If we decide to ignore these growing problems, the harm will not be limited to those seniors on Medicare today. For our children, and their children, Medicare and Social Security may not be available at all. Quite simply, our failure to address the problems of today will mean that the safety and security of our future generations will be irreparably harmed. 

I believe that it is absolutely irresponsible to turn a blind eye to these challenges. That is precisely why House Republicans – with the leadership of House Budget Committee Chairman Paul Ryan (R-WI) – have passed a budget resolution for Fiscal Year 2013 called the Path to Prosperity. This proposal is a good starting point to discuss the ways in which commonsense reforms to Medicare will ensure its solvency for future generations.
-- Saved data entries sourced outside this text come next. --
(* If $m$ and $n$ are non-equal positive integers of the same parity, then \[ \sum_{k=1}^\infty\frac{\zeta(2k)}{k(2k+m)(2k+n)} = -\frac{m+n}{(mn)^2}+\frac{\ln(2\pi)}{mn} -\frac{1+(-1)^n}{2(m-n)}\left(i^m(m-1)!\frac{\zeta(m+1)}{(2\pi)^m}-i^n(n-1)!\frac{\zeta(n+1)}{(2\pi)^n}\right) +\frac{1}{m-n}\left((m-1)!\sum_{j=1}^{\lfloor m/2\rfloor}\frac{(-1)^j\zeta(2j+1)}{(m-2j)!(2\pi)^{2j}}-(n-1)!\sum_{j=1}^{\lfloor n/2\rfloor}\frac{(-1)^j\zeta(2j+1)}{(n-2j)!(2\pi)^{2j}}\right). \]
   Context: $\zeta$ is the Riemann zeta function, $i$ is the imaginary unit, and empty sums equal $0$. *)

theory Defs
  imports "HOL-Analysis.Analysis"
begin

text \<open>Riemann zeta function on real arguments s > 1, given by its Dirichlet series
  (the only range in which it is used here: integer arguments \<ge> 2).\<close>
definition rzeta :: "real \<Rightarrow> real" where
  "rzeta s = (\<Sum>k. 1 / (real (Suc k)) powr s)"

end

(*
  For 0 < y < 1 the logarithm of the sine product gives
    sum_k zeta(2k) y^(2k) / k = ln (pi y / sin (pi y)),
  so integrating against y^(m-1) over [0,1] (monotone convergence) yields
    sum_k zeta(2k) / (k (2k+m)) = ln(2 pi)/m - 1/m^2 - int_0^1 y^(m-1) ln (2 sin (pi y)) dy,
  and the theorem is the difference of these identities for m and n, divided by m - n.

  The remaining integral is computed with the Clausen function Cl2(2 pi y) = sum_k sin(2 pi k y)/k^2,
  whose derivative is -2 pi ln (2 sin (pi y)): integrating by parts and then termwise against
  y^(m-2) sin (2 pi k y) turns it into a combination of zeta(2j+1)/(2 pi)^(2j) over 2j < m.
  For even m the sum in the statement also contains j = m/2; for m and n of the same parity these
  extra summands are cancelled by the middle term of the statement.
*)
theory Submission
  imports Defs "HOL-Real_Asymp.Real_Asymp"
begin

section \<open>Series and integrals\<close>

lemma has_integral_of_real_derivative:
  fixes F f :: "real \<Rightarrow> real"
  assumes "a \<le> b" and "\<And>x. x \<in> {a..b} \<Longrightarrow> (F has_real_derivative f x) (at x)"
  shows "(f has_integral (F b - F a)) {a..b}"
  using assms
  by (intro fundamental_theorem_of_calculus)
     (auto simp: has_real_derivative_iff_has_vector_derivative has_vector_derivative_at_within)

lemma power_has_integral_01: "((\<lambda>y::real. y ^ p) has_integral 1 / (real p + 1)) {0..1}"
proof -
  have "((\<lambda>y::real. y ^ p) has_integral 1 ^ Suc p / real (Suc p) - 0 ^ Suc p / real (Suc p)) {0..1}"
    by (intro has_integral_of_real_derivative) (auto intro!: derivative_eq_intros simp del: power_Suc)
  thus ?thesis by (simp add: add.commute)
qed

lemma power_ln_has_integral_01: "((\<lambda>y::real. y ^ p * ln y) has_integral - 1 / (real p + 1)\<^sup>2) {0..1}"
proof -
  define c where "c = real p + 1"
  have c: "real (Suc p) = c" "c \<noteq> 0" by (simp_all add: c_def)
  define F where "F y = y ^ Suc p * ln y / c - y ^ Suc p / c\<^sup>2" for y :: real
  have "((\<lambda>y::real. y * ln y) \<longlongrightarrow> 0) (at_right 0)" by real_asymp
  from tendsto_mult[OF tendsto_power[OF tendsto_ident_at] this]
  have "((\<lambda>y::real. y ^ p * (y * ln y)) \<longlongrightarrow> 0 ^ p * 0) (at_right 0)" .
  hence "(F \<longlongrightarrow> 0 ^ p * 0 / c - 0 ^ Suc p / c\<^sup>2) (at_right 0)"
    unfolding F_def using c
    by (intro tendsto_diff tendsto_divide tendsto_power tendsto_ident_at) (auto simp: mult_ac)
  moreover have "F 0 = 0 ^ p * 0 / c - 0 ^ Suc p / c\<^sup>2"
    by (simp add: F_def)
  ultimately have "continuous (at 0 within {0..1}) F"
    by (simp add: continuous_within at_within_Icc_at_right)
  moreover have "continuous (at x within {0..1}) F" if "0 < x" for x
    unfolding F_def using that c
    by (intro continuous_at_imp_continuous_within[where s = "{0..1}"]) (intro continuous_intros, auto)
  ultimately have "continuous_on {0..1} F"
    unfolding continuous_on_eq_continuous_within by (metis atLeastAtMost_iff le_less)
  moreover have "(F has_real_derivative y ^ p * ln y) (at y)" if "0 < y" for y
  proof -
    have pow: "((\<lambda>y. y ^ Suc p) has_real_derivative c * y ^ p) (at y)"
      using DERIV_pow[of "Suc p" y] c by simp
    have "(F has_real_derivative (c * y ^ p * ln y + 1 / y * y ^ Suc p) / c - c * y ^ p / c\<^sup>2) (at y)"
      unfolding F_def
      by (intro DERIV_diff DERIV_cdivide DERIV_mult pow DERIV_ln_divide that)
    moreover have "(c * y ^ p * ln y + 1 / y * y ^ Suc p) / c - c * y ^ p / c\<^sup>2 = y ^ p * ln y"
      using that c by (simp add: field_simps power2_eq_square)
    ultimately show ?thesis by simp
  qed
  ultimately have "((\<lambda>y. y ^ p * ln y) has_integral F 1 - F 0) {0..1}"
    by (intro fundamental_theorem_of_calculus_interior)
       (auto simp: has_real_derivative_iff_has_vector_derivative[symmetric])
  thus ?thesis by (simp add: F_def c_def)
qed

lemma sums_of_has_integral_nonneg:
  fixes f :: "nat \<Rightarrow> 'a::euclidean_space \<Rightarrow> real"
  assumes nonneg: "\<And>k x. x \<in> S \<Longrightarrow> 0 \<le> f k x"
    and f: "\<And>k. (f k has_integral a k) S"
    and pointwise: "\<And>x. x \<in> S \<Longrightarrow> (\<lambda>k. f k x) sums g x"
    and g: "(g has_integral G) S"
  shows "a sums G"
proof -
  define F where "F N x = (\<Sum>k<N. f k x)" for N x
  have F: "(F N has_integral (\<Sum>k<N. a k)) S" for N
    unfolding F_def by (intro has_integral_sum f finite_lessThan)
  have mono: "F N x \<le> F (Suc N) x" if "x \<in> S" for N x
    using nonneg[OF that] by (simp add: F_def)
  have lim: "(\<lambda>N. F N x) \<longlonglongrightarrow> g x" if "x \<in> S" for x
    using pointwise[OF that] by (simp add: sums_def F_def)
  have "(\<Sum>k<N. a k) \<le> G" for N
  proof (rule has_integral_le[OF F g])
    fix x assume x: "x \<in> S"
    have "incseq (\<lambda>N. F N x)" by (rule incseq_SucI) (rule mono[OF x])
    thus "F N x \<le> g x" using lim[OF x] by (rule incseq_le)
  qed
  moreover have "0 \<le> (\<Sum>k<N. a k)" for N
    using F by (rule has_integral_nonneg) (simp add: F_def nonneg sum_nonneg)
  ultimately have "bounded (range (\<lambda>N. integral S (F N)))"
    unfolding bounded_iff integral_unique[OF F] by (auto intro!: exI[of _ G])
  from monotone_convergence_increasing[OF has_integral_integrable[OF F] mono lim this]
  have "(\<lambda>N. integral S (F N)) \<longlonglongrightarrow> integral S g" ..
  thus ?thesis
    unfolding sums_def integral_unique[OF F] integral_unique[OF g] .
qed

lemma sums_swap_nonneg:
  fixes a :: "nat \<Rightarrow> nat \<Rightarrow> real"
  assumes nonneg: "\<And>j k. 0 \<le> a j k"
    and rows: "\<And>j. (\<lambda>k. a j k) sums b j"
    and total: "b sums B"
  shows "(\<lambda>k. \<Sum>j. a j k) sums B"
proof -
  have rows': "((\<lambda>k. a j k) has_sum b j) UNIV" for j
    using rows nonneg by (rule sums_nonneg_imp_has_sum)
  have "0 \<le> b j" for j
    using rows'[of j] nonneg by (rule has_sum_nonneg)
  with total have total': "(b has_sum B) UNIV"
    by (rule sums_nonneg_imp_has_sum)
  have "(\<lambda>(j, k). a j k) summable_on UNIV \<times> UNIV"
    using rows' has_sum_imp_summable[OF total'] nonneg
    by (rule summable_on_SigmaI[where f = "\<lambda>(j, k). a j k", simplified])
  with rows' total' have "((\<lambda>(j, k). a j k) has_sum B) (UNIV \<times> UNIV)"
    by (rule has_sum_SigmaI[where f = "\<lambda>(j, k). a j k", simplified])
  hence swapped: "((\<lambda>(k, j). a j k) has_sum B) (UNIV \<times> UNIV)"
    using has_sum_swap[where f = "\<lambda>(j, k). a j k" and S = B and A = UNIV and B = UNIV] by simp
  have columns: "((\<lambda>j. a j k) has_sum (\<Sum>j. a j k)) UNIV" for k
  proof -
    have "(\<lambda>j. a j k) summable_on UNIV"
      using has_sum_imp_summable[OF swapped] by (rule summable_on_SigmaD1) simp
    hence "((\<lambda>j. a j k) has_sum infsum (\<lambda>j. a j k) UNIV) UNIV"
      by (rule has_sum_infsum)
    moreover from this have "(\<Sum>j. a j k) = infsum (\<lambda>j. a j k) UNIV"
      by (rule sums_unique[OF has_sum_imp_sums, symmetric])
    ultimately show ?thesis by (simp only:)
  qed
  have "((\<lambda>k. \<Sum>j. a j k) has_sum B) UNIV"
    by (rule has_sum_SigmaD[OF swapped]) (simp add: columns)
  thus ?thesis by (rule has_sum_imp_sums)
qed

lemma summable_inverse_squares: "summable (\<lambda>k. 1 / (real (Suc k))\<^sup>2)"
  using inverse_squares_sums by (simp add: sums_iff add.commute)

lemma abs_power_sin_div_square_le:
  fixes y t :: real
  assumes "\<bar>y\<bar> \<le> 1"
  shows "\<bar>y ^ b * sin t / (real (Suc k))\<^sup>2\<bar> \<le> 1 / (real (Suc k))\<^sup>2"
proof -
  have "\<bar>y ^ b * sin t\<bar> \<le> 1"
    using assms abs_sin_le_one[of t] by (auto simp: abs_mult power_abs intro!: mult_le_one power_le_one)
  thus ?thesis by (simp add: abs_mult divide_right_mono del: of_nat_Suc)
qed

lemma cos_series_sums_ln:
  fixes r \<theta> :: real
  assumes "0 \<le> r" "r < 1"
  shows "(\<lambda>k. r ^ Suc k * cos (real (Suc k) * \<theta>) / real (Suc k))
           sums (- ln (1 - 2 * r * cos \<theta> + r\<^sup>2) / 2)"
proof -
  define w where "w = rcis r \<theta>"
  have "cmod w < 1" using assms by (simp add: w_def)
  hence w: "cmod w < 1" "1 - w \<noteq> 0" by auto
  have "(\<lambda>k. - (w ^ k) / of_nat k) sums ln (1 - w)"
    using Ln_series'[of "- w"] w by simp
  hence "(\<lambda>k. Re (- (w ^ k) / of_nat k)) sums Re (ln (1 - w))" by (rule sums_Re)
  hence "(\<lambda>k. - (r ^ k * cos (real k * \<theta>)) / real k) sums ln (cmod (1 - w))"
    using w by (simp add: w_def DeMoivre2)
  hence "(\<lambda>k. r ^ Suc k * cos (real (Suc k) * \<theta>) / real (Suc k)) sums (- ln (cmod (1 - w)))"
    by (subst sums_Suc_iff) (auto dest: sums_minus)
  moreover have "(cmod (1 - w))\<^sup>2 = 1 - 2 * r * cos \<theta> + r\<^sup>2"
  proof -
    have "(cmod (1 - w))\<^sup>2 = (1 - r * cos \<theta>)\<^sup>2 + (r * sin \<theta>)\<^sup>2"
      by (simp add: cmod_power2 w_def)
    also have "\<dots> = 1 - 2 * r * cos \<theta> + r\<^sup>2 * ((sin \<theta>)\<^sup>2 + (cos \<theta>)\<^sup>2)"
      by algebra
    finally show ?thesis by simp
  qed
  moreover have "ln ((cmod (1 - w))\<^sup>2) = 2 * ln (cmod (1 - w))"
    using w by (simp add: ln_realpow)
  ultimately show ?thesis by simp
qed

lemma ln_one_minus_series:
  fixes q :: real
  assumes "\<bar>q\<bar> < 1"
  shows "(\<lambda>n. q ^ Suc n / real (Suc n)) sums (- ln (1 - q))"
proof -
  have "(\<lambda>n. - ((-(-q)) ^ n) / of_nat n) sums ln (1 + (-q))"
    using assms by (intro ln_series') simp
  hence "(\<lambda>n. q ^ n / real n) sums (- ln (1 - q))"
    using sums_minus by fastforce
  thus ?thesis by (subst sums_Suc_iff) simp
qed

lemma rzeta_sums:
  assumes "2 \<le> p"
  shows "(\<lambda>k. 1 / real (Suc k) ^ p) sums rzeta (real p)"
proof -
  have "summable (\<lambda>k. 1 / real (Suc k) ^ p)"
  proof (rule summable_comparison_test'[OF summable_inverse_squares])
    show "norm (1 / real (Suc k) ^ p) \<le> 1 / (real (Suc k))\<^sup>2" for k
      using power_increasing[OF assms, of "real (Suc k)"] by (simp add: divide_simps del: of_nat_Suc)
  qed
  thus ?thesis unfolding rzeta_def by (simp add: powr_realpow summable_sums)
qed

lemma rzeta_nonneg:
  assumes "2 \<le> p"
  shows "0 \<le> rzeta (real p)"
  using sums_le[OF _ sums_zero rzeta_sums[OF assms]] by simp

lemma rzeta_sums_scaled:
  assumes "1 \<le> p"
  shows "(\<lambda>k. 2 * pi * (1 / (2 * pi * real (Suc k))) ^ (p + 1)) sums (rzeta (real p + 1) / (2 * pi) ^ p)"
proof -
  have "(\<lambda>k. 1 / (2 * pi) ^ p * (1 / real (Suc k) ^ (p + 1))) sums (1 / (2 * pi) ^ p * rzeta (real (p + 1)))"
    using assms by (intro sums_mult rzeta_sums) auto
  moreover have "2 * pi * (1 / (2 * pi * real (Suc k))) ^ (p + 1)
      = 1 / (2 * pi) ^ p * (1 / real (Suc k) ^ (p + 1))" for k
    by (simp add: power_mult_distrib field_simps del: of_nat_Suc)
  ultimately show ?thesis by (simp add: add.commute)
qed

section \<open>The Clausen function\<close>

text \<open>\<open>clausen y\<close> is the Clausen function \<open>Cl\<^sub>2(2\<pi>y)\<close>. Its Abel mean \<open>clausen_abel r\<close>
  can be differentiated termwise for \<open>r < 1\<close>, with derivative \<open>-\<pi> ln (1 - 2r cos (2\<pi>y) + r\<^sup>2)\<close>
  (the "Abel kernel" below); dominated convergence as \<open>r \<rightarrow> 1\<close> then gives the derivative of
  \<open>clausen\<close>.\<close>

definition clausen_abel :: "real \<Rightarrow> real \<Rightarrow> real" where
  "clausen_abel r y = (\<Sum>k. r ^ Suc k * sin (2 * pi * real (Suc k) * y) / (real (Suc k))\<^sup>2)"

definition clausen :: "real \<Rightarrow> real" where
  "clausen y = (\<Sum>k. sin (2 * pi * real (Suc k) * y) / (real (Suc k))\<^sup>2)"

lemma clausen_abel_has_real_derivative:
  fixes r y :: real
  assumes r: "0 \<le> r" "r < 1"
  shows "(clausen_abel r has_real_derivative (- pi * ln (1 - 2 * r * cos (2 * pi * y) + r\<^sup>2))) (at y)"
proof -
  define f where "f k y = r ^ Suc k * sin (2 * pi * real (Suc k) * y) / (real (Suc k))\<^sup>2" for k y
  define f' where "f' k y = 2 * pi * (r ^ Suc k * cos (real (Suc k) * (2 * pi * y)) / real (Suc k))" for k y
  have "(f k has_field_derivative f' k x) (at x within UNIV)" for k x
    unfolding f_def f'_def
    by (auto intro!: derivative_eq_intros simp: power2_eq_square field_simps simp del: of_nat_Suc)
  moreover have "uniformly_convergent_on UNIV (\<lambda>n x. \<Sum>i<n. f' i x)"
  proof (rule Weierstrass_m_test')
    show "norm (f' k x) \<le> 2 * pi * r ^ Suc k" for k x
    proof -
      have "\<bar>cos (real (Suc k) * (2 * pi * x))\<bar> \<le> real (Suc k)"
        by (rule order_trans[OF abs_cos_le_one]) simp
      hence "\<bar>cos (real (Suc k) * (2 * pi * x))\<bar> / real (Suc k) \<le> 1"
        by (simp add: divide_le_eq del: of_nat_Suc)
      hence "r ^ Suc k * (\<bar>cos (real (Suc k) * (2 * pi * x))\<bar> / real (Suc k)) \<le> r ^ Suc k"
        using r by (intro mult_left_le) auto
      hence "2 * pi * (r ^ Suc k * (\<bar>cos (real (Suc k) * (2 * pi * x))\<bar> / real (Suc k)))
          \<le> 2 * pi * r ^ Suc k"
        by (intro mult_left_mono) auto
      thus ?thesis using r unfolding f'_def by (simp add: abs_mult)
    qed
    show "summable (\<lambda>k. 2 * pi * r ^ Suc k)"
      using r by (intro summable_mult summable_geometric summable_Suc_iff[THEN iffD2]) auto
  qed
  moreover have "summable (\<lambda>k. f k 0)" by (simp add: f_def)
  ultimately have "((\<lambda>x. \<Sum>k. f k x) has_field_derivative (\<Sum>k. f' k y)) (at y)"
    by (intro has_field_derivative_series'(2)[OF convex_UNIV]) auto
  moreover have "(\<lambda>k. f' k y) sums (2 * pi * (- ln (1 - 2 * r * cos (2 * pi * y) + r\<^sup>2) / 2))"
    unfolding f'_def by (intro sums_mult cos_series_sums_ln r)
  ultimately show ?thesis by (simp add: sums_iff f_def clausen_abel_def[abs_def])
qed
The Path to Prosperity would not change the Medicare programs for individuals who are 55 or older. 

However, for those younger than 55, it would provide a premium support system for beneficiaries, allowing them – as current beneficiaries do in Medicare Advantage – to make the health care choices that are best for these individuals and their families. Even more important, the Path to Prosperity ensures that current and Medicare beneficiaries have a program that supports them in their health choices. Absent reforms like the Path to Prosperity, seniors may lose that benefit in the next decade. 

I will never support a proposal that intends to gut Medicare as Obamacare did when the bill – which I strongly opposed – cut billions from the program and spent those funds on a new entitlement that will not benefit seniors. Additionally, Obamacare created an unelected panel of bureaucrats called the Independent Payment Advisory Board (IPAB) to find further cuts in Medicare. This will result in rationed care and is the centerpiece of President Obama's Medicare reform plan. 

As a physician, a father, and grandfather, I wholeheartedly believe that it is time that we protect seniors currently in the program and the next generation from the threat of bankruptcy and higher costs. I am committed to working toward Medicare reform that achieves these goals.